Notando que as artes, atualmente, mantêm uma dependência com a revolução tecnológica, o intelectual defende que o progresso da computação não acabará com o livro, bem como o cinema, o rádio, a televisão e outras inovações tecnológicas não o fizeram. Quanto à música, Hobsbawm se resume a dizer que vivemos num mundo saturado dela. Os sons nos acompanham por toda a parte. Para ele, “A sociedade de consumo parece achar que silêncio é crime” (2013, p. 32). Elaborando, em última instância, uma crítica contra com a revolução tecnológica e a sociedade de consumo, o autor considera que os próprios conceitos tradicionais de arte e cultura estão se tornando obsoletos.

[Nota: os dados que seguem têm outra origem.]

text \<open>The invariant of the proof for an inner vertex \<open>x\<close>.  It is imposed on all coordinates
  of \<open>x\<close>, which only matters for the centre.\<close>
definition shadow_reach :: "'a \<Rightarrow> 'a + nat \<times> nat \<Rightarrow> nat \<Rightarrow> bool" where
  "shadow_reach a x n \<longleftrightarrow> (\<exists>k d. k < r \<and> reachable_within E a (v k) d \<and>
     (\<forall>i j. i < r \<longrightarrow> 1 \<le> j \<longrightarrow> j \<le> r \<longrightarrow> x = web_vtx v r i j \<longrightarrow> cyc_gap r i k \<le> j \<and> d + j \<le> n))"

lemma shadow_reachI:
  assumes "k < r" "reachable_within E a (v k) d" "i < r" "1 \<le> j" "j \<le> r"
    and "cyc_gap r i k \<le> j" "d + j \<le> n"
  shows "shadow_reach a (web_vtx v r i j) n"
  unfolding shadow_reach_def
proof (intro exI conjI allI impI)
  fix i' j' assume "i' < r" "1 \<le> j'" "j' \<le> r" "web_vtx v r i j = web_vtx v r i' j'"
  then have "j' = j \<and> (j < r \<longrightarrow> i' = i)"
    using web_vtx_inj[of i r i' j j' v] assms by auto
  then show "cyc_gap r i' k \<le> j'" "d + j' \<le> n"
    using assms cyc_gap_less[of i' r k] \<open>i' < r\<close> by (auto simp: le_less)
qed (use assms in auto)

lemma shadow_reachE:
  assumes "shadow_reach a (web_vtx v r i j) n" "i < r" "1 \<le> j" "j \<le> r"
  obtains k d where "k < r" "reachable_within E a (v k) d" "cyc_gap r i k \<le> j" "d + j \<le> n"
  using assms unfolding shadow_reach_def by blast

text \<open>The bound inherited by a neighbour \<open>y\<close> of an inner vertex with \<open>shadow_reach a x n\<close>:
  stepping from the web onto \<open>G\<close> costs nothing, which is where walks through the web lose.\<close>
definition neighbour_bound :: "'a \<Rightarrow> 'a + nat \<times> nat \<Rightarrow> nat \<Rightarrow> bool" where
  "neighbour_bound a y n = (case y of Inl c \<Rightarrow> reachable_within E a c n
                                    | Inr _ \<Rightarrow> shadow_reach a y (Suc n))"

lemma neighbour_bound_inner:
  "j \<noteq> 0 \<Longrightarrow> shadow_reach a (web_vtx v r i j) (Suc n) \<Longrightarrow> neighbour_bound a (web_vtx v r i j) n"
  using web_vtx_Inr[of j v r i] by (auto simp: neighbour_bound_def)

lemma neighbour_bound_boundary:
  "i < r \<Longrightarrow> reachable_within E a (v i) n \<Longrightarrow> neighbour_bound a (web_vtx v r i 0) n"
  by (simp add: neighbour_bound_def web_vtx_eq)

lemma shadow_reach_spoke_up:
  assumes "i < r" "1 \<le> j" "j < r" "shadow_reach a (web_vtx v r i j) n"
  shows "shadow_reach a (web_vtx v r i (Suc j)) (Suc n)"
proof -
  obtain k d where "k < r" "reachable_within E a (v k) d" "cyc_gap r i k \<le> j" "d + j \<le> n"
    using shadow_reachE[OF assms(4)] assms by auto
  then show ?thesis
    by (intro shadow_reachI[of k a d]) (use assms in auto)
qed

lemma shadow_reach_spoke_down:
  assumes "i < r" "j < r" "shadow_reach a (web_vtx v r i (Suc j)) n"
  shows "neighbour_bound a (web_vtx v r i j) n"
proof -
  obtain k d where k: "k < r" "reachable_within E a (v k) d" "cyc_gap r i k \<le> Suc j" "d + Suc j \<le> n"
    using shadow_reachE[OF assms(3)] assms by auto
  show ?thesis
  proof (cases "cyc_gap r i k \<le> j")
    case True
    show ?thesis
    proof (cases "j = 0")
      case True
      then have "k = i"
        using \<open>cyc_gap r i k \<le> j\<close> cyc_gap_eq_0_iff assms(1) k(1) by simp
      then show ?thesis
        using True k assms(1) reachable_within_mono[OF k(2), of n] neighbour_bound_boundary by simp
    next
      case False
      then show ?thesis
        by (intro neighbour_bound_inner shadow_reachI[of k a d]) (use assms k True in auto)
    qed
  next
    case False
    \<comment> \<open>\<open>v_k\<close> leaves the arc one level down; its successor on the boundary takes its place\<close>
    then have gap: "cyc_gap r i (cyc_succ r k) = j"
      using k cyc_gap_succ_right[of i r k j] assms by auto
    have succ: "reachable_within E a (v (cyc_succ r k)) (Suc d)"
      using reachable_within_step[OF k(2) boundary_succ[OF k(1)]] .
    show ?thesis
    proof (cases "j = 0")
      case True
      then have "cyc_succ r k = i"
        using gap cyc_gap_eq_0_iff assms(1) cyc_succ_less[OF k(1)] by simp
      then show ?thesis
        using True k assms(1) reachable_within_mono[OF succ, of n] neighbour_bound_boundary by simp
    next
      case False
      then show ?thesis
        by (intro neighbour_bound_inner shadow_reachI[of "cyc_succ r k" a "Suc d"])
          (use assms k succ gap cyc_succ_less in auto)
    qed
  qed
qed

lemma shadow_reach_rim_succ:
  assumes "i < r" "1 \<le> j" "j < r" "shadow_reach a (web_vtx v r i j) n"
  shows "shadow_reach a (web_vtx v r (cyc_succ r i) j) (Suc n)"
proof -
  obtain k d where k: "k < r" "reachable_within E a (v k) d" "cyc_gap r i k \<le> j" "d + j \<le> n"
    using shadow_reachE[OF assms(4)] assms by auto
  have "reachable_within E a (v (cyc_succ r k)) (Suc d)"
    using reachable_within_step[OF k(2) boundary_succ[OF k(1)]] .
  then show ?thesis
    by (intro shadow_reachI[of "cyc_succ r k" a "Suc d"])
      (use assms k cyc_gap_succ_succ cyc_succ_less in auto)
qed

À medida que trata de temas candentes da sociedade contemporânea, Hobsbawm vai justificando a ideia de tempos fraturados. Investigando um panorama amplo como, por exemplo, as consequências da alta mobilidade das pessoas (viagens, turismo, imigrações) para a cultura no mundo globalizado, o intelectual verifica a possibilidade de enfraquecimento das culturas hegemônicas. Dialogando com o multiculturalismo, o autor vai destacar a internacionalização de muitos aspectos culturais, como a culinária ou o futebol.

Ressalta, ainda, a necessidade de um programa educacional viável e que garanta certo universalismo de informações e valores culturais. Ao lembrar que o turismo transcende a experiência cultural e está se tornando importante para a economia global, Hobsbawm explica o fator econômico por trás do grande “negócio da cultura” e destaca que a cultura, quando se torna símbolo de identidade nacional ou estatal, possibilita frequentes e obscuras relações entre a política, a cultura e o mercado. Nesse rol, torna-se importante pensar que “[…] a cultura simplesmente não tem grande importância nas questões de política interna, como bem o demonstra o valor gasto pelo governo federal dos Estados Unidos nas artes e humanidades, em comparação com o valor gasto nas ciências” (2013, p. 68). Porém, deve-se ressaltar que a cultura, na forma de artes e alta cultura, possuem um significativo prestígio. Isso porque as elites dos países democráticos procuram consolidar seu status social fazendo doações para institutos e organizações culturais.

É na interconexão e no domínio de tantos temas atuais, sobretudo nessa parte inicial, que se percebe o vigor e a versatilidade intelectual de Hobsbawm. Trazendo à tona uma análise historiográfica com o característico viés marxista, a primeira seção da obra é uma reflexão muito recente e que se diferencia por seu estilo de escrita e ousadia científica das análises tradicionais dos historiadores. Consideramos que essa seção inaugural é muito peculiar na produção da obra, possivelmente em razão de ser originada de palestras realizadas em festivais artísticos.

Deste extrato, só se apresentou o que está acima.